§ INSTRUCTIONS FOR THE TASK:
Check every line of the entries for the string "this" and return the ones that contain it.

BEGIN INPUT DATA

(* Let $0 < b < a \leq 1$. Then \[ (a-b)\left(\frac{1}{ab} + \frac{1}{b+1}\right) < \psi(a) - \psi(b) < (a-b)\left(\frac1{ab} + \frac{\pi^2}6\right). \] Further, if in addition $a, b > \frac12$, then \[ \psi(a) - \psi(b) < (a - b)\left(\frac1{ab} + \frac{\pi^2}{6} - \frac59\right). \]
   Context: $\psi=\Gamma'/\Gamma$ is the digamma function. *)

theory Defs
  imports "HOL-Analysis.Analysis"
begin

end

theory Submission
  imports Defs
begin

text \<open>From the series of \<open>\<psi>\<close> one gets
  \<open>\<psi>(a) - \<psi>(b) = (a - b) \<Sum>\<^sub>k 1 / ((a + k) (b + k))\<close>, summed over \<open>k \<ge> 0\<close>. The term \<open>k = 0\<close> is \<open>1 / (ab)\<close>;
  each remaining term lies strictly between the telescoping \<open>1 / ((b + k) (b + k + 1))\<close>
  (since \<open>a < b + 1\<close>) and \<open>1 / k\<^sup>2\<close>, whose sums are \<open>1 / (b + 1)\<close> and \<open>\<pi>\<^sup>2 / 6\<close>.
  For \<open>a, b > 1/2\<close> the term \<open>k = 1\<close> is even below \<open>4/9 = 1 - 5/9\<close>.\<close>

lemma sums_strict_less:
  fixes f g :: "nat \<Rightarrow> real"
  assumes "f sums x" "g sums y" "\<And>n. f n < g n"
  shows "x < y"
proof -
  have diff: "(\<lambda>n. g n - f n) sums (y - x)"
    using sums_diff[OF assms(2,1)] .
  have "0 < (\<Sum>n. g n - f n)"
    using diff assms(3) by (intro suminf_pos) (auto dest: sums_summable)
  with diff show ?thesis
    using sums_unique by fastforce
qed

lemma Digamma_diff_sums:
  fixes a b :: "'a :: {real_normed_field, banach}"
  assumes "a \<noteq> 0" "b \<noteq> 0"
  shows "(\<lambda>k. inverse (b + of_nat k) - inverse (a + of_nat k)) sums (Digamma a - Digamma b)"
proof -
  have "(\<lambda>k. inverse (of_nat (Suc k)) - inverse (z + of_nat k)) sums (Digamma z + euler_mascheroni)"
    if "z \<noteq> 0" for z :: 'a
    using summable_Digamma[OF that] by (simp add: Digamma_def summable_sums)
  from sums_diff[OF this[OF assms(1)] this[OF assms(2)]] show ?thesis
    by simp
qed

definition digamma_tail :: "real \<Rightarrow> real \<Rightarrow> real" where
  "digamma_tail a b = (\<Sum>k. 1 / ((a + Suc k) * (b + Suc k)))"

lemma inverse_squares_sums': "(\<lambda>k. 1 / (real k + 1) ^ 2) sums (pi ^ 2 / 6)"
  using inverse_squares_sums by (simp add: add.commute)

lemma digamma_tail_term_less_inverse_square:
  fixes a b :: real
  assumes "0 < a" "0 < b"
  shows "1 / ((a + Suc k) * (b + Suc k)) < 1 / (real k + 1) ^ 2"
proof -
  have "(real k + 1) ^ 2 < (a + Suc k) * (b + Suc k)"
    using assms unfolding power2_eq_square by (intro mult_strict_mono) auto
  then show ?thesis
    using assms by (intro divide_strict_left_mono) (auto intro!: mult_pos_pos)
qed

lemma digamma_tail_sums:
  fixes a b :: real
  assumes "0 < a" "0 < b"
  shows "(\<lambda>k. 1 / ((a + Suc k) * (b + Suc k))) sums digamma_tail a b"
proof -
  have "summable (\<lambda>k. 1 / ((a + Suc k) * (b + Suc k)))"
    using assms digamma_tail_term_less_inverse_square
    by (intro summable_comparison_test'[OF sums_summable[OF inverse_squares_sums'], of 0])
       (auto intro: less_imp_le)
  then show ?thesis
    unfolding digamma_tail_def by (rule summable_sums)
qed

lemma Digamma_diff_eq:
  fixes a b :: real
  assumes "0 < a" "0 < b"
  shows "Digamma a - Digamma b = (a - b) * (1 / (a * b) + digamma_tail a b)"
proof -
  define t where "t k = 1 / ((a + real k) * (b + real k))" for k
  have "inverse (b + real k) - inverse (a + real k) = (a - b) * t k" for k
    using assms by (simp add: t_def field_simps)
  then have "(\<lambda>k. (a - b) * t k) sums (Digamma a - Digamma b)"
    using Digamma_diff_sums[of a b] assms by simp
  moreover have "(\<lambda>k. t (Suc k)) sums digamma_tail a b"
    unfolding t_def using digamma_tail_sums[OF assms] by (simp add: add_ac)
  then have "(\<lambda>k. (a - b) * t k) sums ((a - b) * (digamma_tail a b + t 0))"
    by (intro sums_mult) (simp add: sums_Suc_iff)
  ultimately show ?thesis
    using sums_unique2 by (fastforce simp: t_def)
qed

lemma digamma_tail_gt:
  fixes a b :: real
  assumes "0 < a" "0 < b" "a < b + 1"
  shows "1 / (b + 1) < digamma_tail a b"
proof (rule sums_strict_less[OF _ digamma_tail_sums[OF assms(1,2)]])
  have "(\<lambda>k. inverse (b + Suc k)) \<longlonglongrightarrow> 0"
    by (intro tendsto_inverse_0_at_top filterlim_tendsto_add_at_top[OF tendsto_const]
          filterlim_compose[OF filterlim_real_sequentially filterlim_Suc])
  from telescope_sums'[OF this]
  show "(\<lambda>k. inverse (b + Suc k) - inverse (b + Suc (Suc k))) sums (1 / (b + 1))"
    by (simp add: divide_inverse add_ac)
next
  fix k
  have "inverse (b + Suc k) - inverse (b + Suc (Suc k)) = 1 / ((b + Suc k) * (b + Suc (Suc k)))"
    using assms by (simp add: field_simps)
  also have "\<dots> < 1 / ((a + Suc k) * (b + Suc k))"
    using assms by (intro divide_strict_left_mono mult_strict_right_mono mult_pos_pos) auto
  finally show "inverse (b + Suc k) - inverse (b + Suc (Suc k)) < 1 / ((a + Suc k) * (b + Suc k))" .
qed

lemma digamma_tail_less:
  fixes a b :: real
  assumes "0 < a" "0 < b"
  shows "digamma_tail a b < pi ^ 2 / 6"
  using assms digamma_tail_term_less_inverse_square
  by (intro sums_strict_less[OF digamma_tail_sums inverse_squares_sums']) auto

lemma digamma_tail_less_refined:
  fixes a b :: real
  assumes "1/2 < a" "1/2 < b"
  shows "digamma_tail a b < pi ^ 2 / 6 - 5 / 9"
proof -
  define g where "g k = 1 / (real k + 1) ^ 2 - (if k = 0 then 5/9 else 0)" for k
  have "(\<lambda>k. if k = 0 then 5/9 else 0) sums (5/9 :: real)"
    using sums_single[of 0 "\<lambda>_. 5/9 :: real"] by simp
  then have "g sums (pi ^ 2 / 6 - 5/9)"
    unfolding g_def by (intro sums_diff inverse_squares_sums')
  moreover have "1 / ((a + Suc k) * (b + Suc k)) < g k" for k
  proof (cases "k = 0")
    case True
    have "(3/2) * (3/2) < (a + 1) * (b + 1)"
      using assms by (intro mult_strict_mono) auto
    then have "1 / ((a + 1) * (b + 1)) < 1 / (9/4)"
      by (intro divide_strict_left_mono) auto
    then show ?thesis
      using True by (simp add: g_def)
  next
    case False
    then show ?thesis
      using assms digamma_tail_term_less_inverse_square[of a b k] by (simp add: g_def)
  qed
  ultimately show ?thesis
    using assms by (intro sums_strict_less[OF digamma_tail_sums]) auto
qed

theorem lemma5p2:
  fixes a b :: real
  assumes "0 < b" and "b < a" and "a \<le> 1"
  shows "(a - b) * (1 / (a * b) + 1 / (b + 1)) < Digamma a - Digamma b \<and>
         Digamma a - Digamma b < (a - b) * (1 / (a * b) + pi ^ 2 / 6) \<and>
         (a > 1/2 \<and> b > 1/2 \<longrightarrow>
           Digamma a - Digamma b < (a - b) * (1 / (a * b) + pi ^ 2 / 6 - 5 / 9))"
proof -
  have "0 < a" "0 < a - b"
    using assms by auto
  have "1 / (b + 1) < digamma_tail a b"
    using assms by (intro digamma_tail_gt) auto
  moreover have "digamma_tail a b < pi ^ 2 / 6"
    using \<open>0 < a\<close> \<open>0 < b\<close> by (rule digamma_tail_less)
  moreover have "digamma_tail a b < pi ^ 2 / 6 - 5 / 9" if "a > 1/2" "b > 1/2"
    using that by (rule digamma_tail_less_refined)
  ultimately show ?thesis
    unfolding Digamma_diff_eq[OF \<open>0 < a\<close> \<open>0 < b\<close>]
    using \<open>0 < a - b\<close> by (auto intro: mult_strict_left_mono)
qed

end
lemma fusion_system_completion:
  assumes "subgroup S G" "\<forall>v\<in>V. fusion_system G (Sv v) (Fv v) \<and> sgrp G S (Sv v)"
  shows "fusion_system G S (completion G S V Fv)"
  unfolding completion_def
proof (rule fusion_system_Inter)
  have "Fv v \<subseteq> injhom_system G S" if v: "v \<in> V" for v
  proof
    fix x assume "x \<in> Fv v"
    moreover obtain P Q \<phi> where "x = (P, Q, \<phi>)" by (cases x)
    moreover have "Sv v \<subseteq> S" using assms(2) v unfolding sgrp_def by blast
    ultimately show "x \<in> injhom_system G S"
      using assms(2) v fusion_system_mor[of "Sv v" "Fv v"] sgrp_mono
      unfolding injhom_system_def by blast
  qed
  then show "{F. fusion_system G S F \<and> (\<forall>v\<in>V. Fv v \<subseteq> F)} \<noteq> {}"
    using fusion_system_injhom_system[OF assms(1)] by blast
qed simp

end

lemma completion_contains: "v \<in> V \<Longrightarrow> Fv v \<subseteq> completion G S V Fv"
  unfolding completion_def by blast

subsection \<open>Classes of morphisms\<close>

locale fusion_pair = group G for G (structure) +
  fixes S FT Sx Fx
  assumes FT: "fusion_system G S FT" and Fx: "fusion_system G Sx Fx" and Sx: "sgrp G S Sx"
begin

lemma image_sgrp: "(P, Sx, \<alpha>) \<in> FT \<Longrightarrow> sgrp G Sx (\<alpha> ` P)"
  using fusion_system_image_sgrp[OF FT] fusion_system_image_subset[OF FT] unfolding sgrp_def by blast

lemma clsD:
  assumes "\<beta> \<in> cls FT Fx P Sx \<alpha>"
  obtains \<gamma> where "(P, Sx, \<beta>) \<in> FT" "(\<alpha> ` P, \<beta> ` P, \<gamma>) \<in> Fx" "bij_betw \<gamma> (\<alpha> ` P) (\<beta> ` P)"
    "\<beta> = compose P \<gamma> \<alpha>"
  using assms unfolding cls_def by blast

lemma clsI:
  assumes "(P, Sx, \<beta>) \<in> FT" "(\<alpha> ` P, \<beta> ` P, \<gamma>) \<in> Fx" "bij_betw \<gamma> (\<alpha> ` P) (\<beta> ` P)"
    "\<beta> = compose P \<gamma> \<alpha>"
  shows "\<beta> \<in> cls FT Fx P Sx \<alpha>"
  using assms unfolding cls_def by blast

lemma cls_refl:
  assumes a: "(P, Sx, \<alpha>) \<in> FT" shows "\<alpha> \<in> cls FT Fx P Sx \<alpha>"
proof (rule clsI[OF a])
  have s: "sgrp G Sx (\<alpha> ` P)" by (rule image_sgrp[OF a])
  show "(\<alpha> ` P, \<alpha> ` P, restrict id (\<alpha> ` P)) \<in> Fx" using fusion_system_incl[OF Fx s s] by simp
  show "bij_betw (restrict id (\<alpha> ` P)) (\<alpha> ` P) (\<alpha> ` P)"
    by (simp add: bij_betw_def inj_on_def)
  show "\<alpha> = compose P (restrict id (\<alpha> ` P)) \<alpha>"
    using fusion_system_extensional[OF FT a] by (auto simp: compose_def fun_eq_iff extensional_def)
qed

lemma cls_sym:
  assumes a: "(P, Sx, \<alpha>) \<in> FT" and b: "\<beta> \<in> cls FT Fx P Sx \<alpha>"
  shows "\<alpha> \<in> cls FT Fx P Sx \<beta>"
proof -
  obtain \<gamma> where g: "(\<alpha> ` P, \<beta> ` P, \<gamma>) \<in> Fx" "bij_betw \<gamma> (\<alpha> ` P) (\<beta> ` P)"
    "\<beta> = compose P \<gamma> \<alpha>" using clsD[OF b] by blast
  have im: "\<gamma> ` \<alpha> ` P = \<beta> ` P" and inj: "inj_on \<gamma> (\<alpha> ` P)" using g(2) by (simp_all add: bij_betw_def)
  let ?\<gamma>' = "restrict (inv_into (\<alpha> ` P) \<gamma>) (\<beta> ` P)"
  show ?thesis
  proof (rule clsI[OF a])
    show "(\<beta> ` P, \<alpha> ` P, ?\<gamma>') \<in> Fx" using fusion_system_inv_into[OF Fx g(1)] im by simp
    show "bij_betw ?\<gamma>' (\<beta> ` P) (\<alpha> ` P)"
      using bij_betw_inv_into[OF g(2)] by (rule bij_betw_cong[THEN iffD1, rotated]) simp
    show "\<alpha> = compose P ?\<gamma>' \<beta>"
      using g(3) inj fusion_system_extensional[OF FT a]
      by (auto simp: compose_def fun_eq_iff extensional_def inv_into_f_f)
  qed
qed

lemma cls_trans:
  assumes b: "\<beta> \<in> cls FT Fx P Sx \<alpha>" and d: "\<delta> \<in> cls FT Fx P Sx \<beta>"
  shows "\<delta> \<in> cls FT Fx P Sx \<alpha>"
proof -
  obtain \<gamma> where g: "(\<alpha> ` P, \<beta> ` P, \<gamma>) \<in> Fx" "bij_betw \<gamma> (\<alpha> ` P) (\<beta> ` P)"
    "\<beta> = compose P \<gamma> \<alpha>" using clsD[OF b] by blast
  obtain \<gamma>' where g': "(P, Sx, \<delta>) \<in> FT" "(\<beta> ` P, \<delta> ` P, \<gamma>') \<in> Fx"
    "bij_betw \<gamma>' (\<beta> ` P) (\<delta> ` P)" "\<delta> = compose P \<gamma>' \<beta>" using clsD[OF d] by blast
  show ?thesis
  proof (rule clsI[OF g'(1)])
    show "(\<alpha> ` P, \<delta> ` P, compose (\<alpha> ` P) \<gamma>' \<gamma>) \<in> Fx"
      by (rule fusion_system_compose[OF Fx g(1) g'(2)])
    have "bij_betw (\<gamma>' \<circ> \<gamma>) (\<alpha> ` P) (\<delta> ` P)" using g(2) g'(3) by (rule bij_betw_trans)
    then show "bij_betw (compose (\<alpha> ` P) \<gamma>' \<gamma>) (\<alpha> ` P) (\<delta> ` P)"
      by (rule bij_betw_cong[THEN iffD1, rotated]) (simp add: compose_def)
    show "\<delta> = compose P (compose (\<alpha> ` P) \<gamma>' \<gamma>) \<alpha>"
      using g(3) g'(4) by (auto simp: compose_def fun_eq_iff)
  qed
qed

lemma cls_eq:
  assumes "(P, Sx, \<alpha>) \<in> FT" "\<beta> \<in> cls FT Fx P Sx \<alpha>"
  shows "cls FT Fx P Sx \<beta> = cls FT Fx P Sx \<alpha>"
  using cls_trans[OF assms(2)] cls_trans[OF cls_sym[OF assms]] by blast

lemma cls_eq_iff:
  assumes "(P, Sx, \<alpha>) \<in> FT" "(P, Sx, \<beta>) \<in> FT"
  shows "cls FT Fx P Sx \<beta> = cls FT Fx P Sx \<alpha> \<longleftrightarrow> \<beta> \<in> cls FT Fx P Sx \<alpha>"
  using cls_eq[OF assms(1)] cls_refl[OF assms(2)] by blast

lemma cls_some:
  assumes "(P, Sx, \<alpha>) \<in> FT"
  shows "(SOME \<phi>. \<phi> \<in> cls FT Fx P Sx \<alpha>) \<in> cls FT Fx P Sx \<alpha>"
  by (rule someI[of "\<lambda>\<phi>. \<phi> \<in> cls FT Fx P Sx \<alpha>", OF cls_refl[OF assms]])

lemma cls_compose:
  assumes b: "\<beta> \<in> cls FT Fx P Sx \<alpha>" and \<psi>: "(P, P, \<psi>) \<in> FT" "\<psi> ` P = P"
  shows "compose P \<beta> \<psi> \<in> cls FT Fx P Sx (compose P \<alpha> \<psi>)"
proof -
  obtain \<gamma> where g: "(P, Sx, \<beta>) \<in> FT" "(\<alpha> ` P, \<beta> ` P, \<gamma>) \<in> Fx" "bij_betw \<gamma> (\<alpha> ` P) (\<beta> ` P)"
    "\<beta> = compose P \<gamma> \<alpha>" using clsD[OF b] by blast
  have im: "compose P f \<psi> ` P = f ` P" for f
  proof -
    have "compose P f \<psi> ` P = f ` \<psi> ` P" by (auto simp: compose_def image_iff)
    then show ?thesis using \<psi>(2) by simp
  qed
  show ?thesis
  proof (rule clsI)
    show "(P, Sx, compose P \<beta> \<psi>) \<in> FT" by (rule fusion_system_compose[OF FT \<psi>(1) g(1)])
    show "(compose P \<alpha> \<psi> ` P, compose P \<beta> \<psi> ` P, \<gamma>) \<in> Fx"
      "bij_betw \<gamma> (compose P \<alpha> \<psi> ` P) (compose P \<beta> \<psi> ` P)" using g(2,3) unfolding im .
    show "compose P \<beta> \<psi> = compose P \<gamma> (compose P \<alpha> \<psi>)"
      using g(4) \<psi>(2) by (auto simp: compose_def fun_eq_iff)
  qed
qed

END INPUT DATA

§ EXERCISE OUTPUT:
  from sums_diff[OF this[OF assms(1)] this[OF assms(2)]] show ?thesis
  from telescope_sums'[OF this]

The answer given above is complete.